TO DO
Where does the string "longleftrightarrow" appear in the listing below? Copy every line where it does.

DATA PROVIDED
(* Let $v$ be a typical weight, let $T:\mathcal{H}(\mathbb{D})\to\mathcal{H}(\mathbb{D})$ be a linear transformation, and let $X\subset\mathcal{H}(\mathbb{D})$ be a Banach space. For $z\in\mathbb{D}$ define the linear maps $(K_z^H)_T(f)=Tf(z)$, $(K_{z,1}^{\mathcal{B}})_T(f)=(Tf)'(z)$ on $X$, and $(K_0^{\mathcal{B}})_T(f)=Tf(0)$. Then: (i) $T:X\to H_{v,0}$ is bounded if and only if $(K_z^H)_T\in X^*$ for all $z\in\mathbb{D}$ and $v(z)(K_z^H)_T\to 0$ weak$^*$ in $X^*$ as $|z|\to1$. (ii) $T:X\to\mathcal{B}_{v,0}$ is bounded if and only if $(K_0^{\mathcal{B}})_T\in X^*$, $(K_{z,1}^{\mathcal{B}})_T\in X^*$ for all $z\in\mathbb{D}$, and $v(z)(K_{z,1}^{\mathcal{B}})_T\to 0$ weak$^*$ in $X^*$ as $|z|\to1$.
   Context: $\mathbb{D}$ is the open unit disk, $\mathcal{H}(\mathbb{D})$ the holomorphic functions on $\mathbb{D}$. A weight is a continuous $v:\mathbb{D}\to(0,1]$; it is typical if it is radial ($v(z)=v(|z|)$), non-increasing in $|z|$, and $\lim_{|z|\to1}v(z)=0$. $H_v=\{f:\sup_z v(z)|f(z)|<\infty\}$ with norm $\sup_z v(z)|f(z)|$; $\mathcal{B}_v=\{f:\sup_z v(z)|f'(z)|<\infty\}$ with norm $|f(0)|+\sup_z v(z)|f'(z)|$. The little growth spaces are $H_{v,0}=\{f\in\mathcal{H}(\mathbb{D}):\lim_{|z|\to1}v(z)|f(z)|=0\}$ and $\mathcal{B}_{v,0}=\{f\in\mathcal{H}(\mathbb{D}):\lim_{|z|\to1}v(z)|f'(z)|=0\}$, closed subspaces of $H_v$, $\mathcal{B}_v$. $X^*$ is the dual of $X$. *)

theory Defs
  imports "HOL-Complex_Analysis.Complex_Analysis"
begin

abbreviation disk :: "complex set" where "disk \<equiv> ball 0 1"

text \<open>H(D): holomorphic functions on the disk, represented canonically
  (value 0 outside the disk), so that function equality is equality on D.\<close>
definition HD :: "(complex \<Rightarrow> complex) set" where
  "HD = {f. f holomorphic_on disk \<and> (\<forall>z. 1 \<le> norm z \<longrightarrow> f z = 0)}"

definition typical_weight :: "(complex \<Rightarrow> real) \<Rightarrow> bool" where
  "typical_weight v \<longleftrightarrow>
     continuous_on disk v \<and>
     (\<forall>z\<in>disk. 0 < v z \<and> v z \<le> 1) \<and>
     (\<forall>z\<in>disk. \<forall>w\<in>disk. norm z = norm w \<longrightarrow> v z = v w) \<and>
     (\<forall>z\<in>disk. \<forall>w\<in>disk. norm z \<le> norm w \<longrightarrow> v w \<le> v z) \<and>
     (\<forall>e>0. \<exists>r<1. \<forall>z. r < norm z \<longrightarrow> norm z < 1 \<longrightarrow> \<bar>v z\<bar> < e)"

definition vanishes_at_boundary :: "(complex \<Rightarrow> real) \<Rightarrow> bool" where
  "vanishes_at_boundary g \<longleftrightarrow>
     (\<forall>e>0. \<exists>r<1. \<forall>z. r < norm z \<longrightarrow> norm z < 1 \<longrightarrow> \<bar>g z\<bar> < e)"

RESULT OF THE EXERCISE
  "typical_weight v \<longleftrightarrow>
  "vanishes_at_boundary g \<longleftrightarrow>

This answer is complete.